*Problem*: From the material below, copy each line that holds the word "define".

*Records provided*:
lemma F_k_continuous: "((\<lambda>x. F (k x)) \<longlongrightarrow> F (k th)) (at th)"
proof -
  obtain C e where e: "0 < e" and C: "\<And>x. x \<in> J \<Longrightarrow> dist x th < e \<Longrightarrow> max (ratio1 x) (ratio2 x) \<le> C"
    using ratios_bounded by blast
  have bound: "norm (F (k x) - F (k th)) \<le> C * \<bar>F x - F th\<bar>"
    if x: "x \<in> J" "x \<noteq> th" "dist x th < e" for x
  proof -
    have q: "0 < quot_F x" using quot_F_pos[OF x(1,2)] .
    have "quot_Fk x \<le> quot_F x * max (ratio1 x) (ratio2 x)" using quot_Fk_bounds(2)[OF x(1,2)] .
    also have "\<dots> \<le> quot_F x * C" using C[OF x(1,3)] q by (intro mult_left_mono) auto
    finally have "quot_Fk x * \<bar>x - th\<bar> \<le> quot_F x * C * \<bar>x - th\<bar>" by (intro mult_right_mono) auto
    moreover have "F (k x) - F (k th) = quot_Fk x * (x - th)" "F x - F th = quot_F x * (x - th)"
      using x(2) by (simp_all add: quot_Fk_def quot_F_def)
    ultimately show ?thesis using quot_Fk_nonneg[OF x(1,2)] q by (simp add: abs_mult mult_ac)
  qed
  have "eventually (\<lambda>x. dist x th < e) (at th)" using e by (auto simp: eventually_at)
  then have "eventually (\<lambda>x. norm (F (k x) - F (k th)) \<le> C * \<bar>F x - F th\<bar>) (at th)"
    using eventually_in_J by eventually_elim (use bound in auto)
  moreover have "((\<lambda>x. C * \<bar>F x - F th\<bar>) \<longlongrightarrow> C * \<bar>F th - F th\<bar>) (at th)"
    using isCont_F[OF th_in_S] unfolding isCont_def by (intro tendsto_intros)
  then have "((\<lambda>x. C * \<bar>F x - F th\<bar>) \<longlongrightarrow> 0) (at th)" by simp
  ultimately have "((\<lambda>x. F (k x) - F (k th)) \<longlongrightarrow> 0) (at th)"
    by (rule Lim_null_comparison)
  then show ?thesis by (simp add: LIM_zero_iff)
qed

text \<open>k is recovered from F \<circ> k through the continuous inverse of F.\<close>

lemma k_continuous: "(k \<longlongrightarrow> k th) (at th)"
proof -
  define y where "y = k th"
  have yS: "y \<in> S" using k_in_S[OF th_in_J] by (simp add: y_def)
  obtain e where e: "e > 0" "cball y e \<subseteq> S" using open_S yS open_contains_cball by blast
  define Finv where "Finv = inv_into S F"
  have Finv_F: "Finv (F z) = z" if "z \<in> S" for z
    unfolding Finv_def using inv_into_f_f[OF inj_on_F that] .
  have near_S: "z \<in> S" if "\<bar>z - y\<bar> \<le> e" for z
    using e(2) that by (auto simp: dist_real_def subset_iff abs_minus_commute)
  have "isCont Finv (F y)"
    by (rule isCont_inverse_function[where f=F, OF e(1)]) (simp_all add: near_S Finv_F isCont_F)
  then have "((\<lambda>x. Finv (F (k x))) \<longlongrightarrow> y) (at th)"
    using isCont_tendsto_compose F_k_continuous Finv_F[OF yS] unfolding y_def by fastforce
  moreover have "eventually (\<lambda>x. Finv (F (k x)) = k x) (at th)"
    using eventually_in_J by eventually_elim (simp add: Finv_F k_in_S)
  ultimately show ?thesis unfolding y_def by (rule Lim_transform_eventually)
qed

lemma quot_F_tendsto: "(quot_F \<longlongrightarrow> f th) (at th)"
  using F_has_derivative[OF th_in_S] unfolding has_field_derivative_iff quot_F_def[abs_def] .

lemma ratio1_tendsto: "(ratio1 \<longlongrightarrow> ratio_limit) (at th)"
  unfolding ratio1_def[abs_def] ratio_limit_def
  using J_pos[OF th_in_J] one_minus_dF_pos[of th]
  by (intro tendsto_intros F_k_continuous) auto

lemma ratio2_tendsto: "(ratio2 \<longlongrightarrow> ratio_limit) (at th)"
  unfolding ratio2_def[abs_def] ratio_limit_def
  using J_pos[OF th_in_J] one_minus_dF_pos[of th] isCont_F[OF th_in_S]
  by (intro tendsto_intros k_continuous) (auto simp: isCont_def)

lemma quot_Fk_tendsto: "(quot_Fk \<longlongrightarrow> f th * ratio_limit) (at th)"
proof (rule tendsto_sandwich)
  show "eventually (\<lambda>x. quot_F x * min (ratio1 x) (ratio2 x) \<le> quot_Fk x) (at th)"
    and "eventually (\<lambda>x. quot_Fk x \<le> quot_F x * max (ratio1 x) (ratio2 x)) (at th)"
    using eventually_in_J by (eventually_elim, use quot_Fk_bounds in auto)+
  show "((\<lambda>x. quot_F x * min (ratio1 x) (ratio2 x)) \<longlongrightarrow> f th * ratio_limit) (at th)"
    using tendsto_mult[OF quot_F_tendsto tendsto_min[OF ratio1_tendsto ratio2_tendsto]] by simp
  show "((\<lambda>x. quot_F x * max (ratio1 x) (ratio2 x)) \<longlongrightarrow> f th * ratio_limit) (at th)"
    using tendsto_mult[OF quot_F_tendsto tendsto_max[OF ratio1_tendsto ratio2_tendsto]] by simp
qed
lemma power_add_le_two_power_ennreal:
  fixes a b :: ennreal
  shows "(a + b) ^ k \<le> 2 ^ k * (a ^ k + b ^ k)"
proof (cases "k = 0")
  case True then show ?thesis by simp
next
  case False
  show ?thesis
  proof (cases "a = \<top> \<or> b = \<top>")
    case True
    have t: "a ^ k + b ^ k = \<top>" using True False by (auto simp: power_eq_top_ennreal)
    have "(2::ennreal) ^ k \<noteq> 0" by simp
    then have "2 ^ k * (\<top>::ennreal) = \<top>" by (rule ennreal_top_mult_left)
    then show ?thesis unfolding t by simp
  next
    case nt: False
    then have na: "a \<noteq> \<top>" and nb: "b \<noteq> \<top>" by auto
    obtain x where x: "a = ennreal x" "0 \<le> x" using na by (cases a) auto
    obtain y where y: "b = ennreal y" "0 \<le> y" using nb by (cases b) auto
    have "(x + y) ^ k \<le> 2 ^ k * (x ^ k + y ^ k)" by (rule power_add_le_two_power[OF x(2) y(2)])
    then have "ennreal ((x + y) ^ k) \<le> ennreal (2 ^ k * (x ^ k + y ^ k))" by (rule ennreal_leI)
    moreover have "(a + b) ^ k = ennreal ((x + y) ^ k)" using x y
      by (simp add: ennreal_power[symmetric] ennreal_plus[symmetric] del: ennreal_plus)
    moreover have "2 ^ k * (a ^ k + b ^ k) = ennreal (2 ^ k * (x ^ k + y ^ k))"
    proof -
      have e2: "ennreal (2 ^ k) = 2 ^ k" by (simp add: ennreal_power[symmetric])
      show ?thesis using x y by (simp add: ennreal_power ennreal_mult e2)
    qed
    ultimately show ?thesis by simp
  qed
qed

lemma add_power_le_power_add:
  fixes a b :: real
  assumes a: "0 \<le> a" and b: "0 \<le> b" and k: "1 \<le> k"
  shows "a ^ k + b ^ k \<le> (a + b) ^ k"
proof -
  have "a ^ Suc n + b ^ Suc n \<le> (a + b) ^ Suc n" for n
  proof (induction n)
    case 0 then show ?case by simp
  next
    case (Suc n)
    have "a ^ Suc (Suc n) + b ^ Suc (Suc n) \<le> (a + b) * (a ^ Suc n + b ^ Suc n)"
      using a b by (simp add: algebra_simps)
    also have "\<dots> \<le> (a + b) * (a + b) ^ Suc n"
      using Suc a b by (intro mult_left_mono) auto
    finally show ?case by simp
  qed
  moreover obtain n where "k = Suc n" using k by (cases k) auto
  ultimately show ?thesis by blast
qed

lemma cmod_add_squared_le: "(cmod (a + b))\<^sup>2 \<le> 2 * (cmod a)\<^sup>2 + 2 * (cmod b)\<^sup>2"
proof -
  have "cmod (a + b) \<le> cmod a + cmod b" by (rule norm_triangle_ineq)
  then have "(cmod (a + b))\<^sup>2 \<le> (cmod a + cmod b)\<^sup>2" by (intro power_mono) auto
  also have "\<dots> \<le> 2 * (cmod a)\<^sup>2 + 2 * (cmod b)\<^sup>2"
  proof -
    have h: "0 \<le> (cmod a - cmod b)\<^sup>2" by simp
    show ?thesis using h by (auto simp: power2_eq_square algebra_simps)
  qed
  finally show ?thesis .
qed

*Answer for the task*:
  define y where "y = k th"
  define Finv where "Finv = inv_into S F"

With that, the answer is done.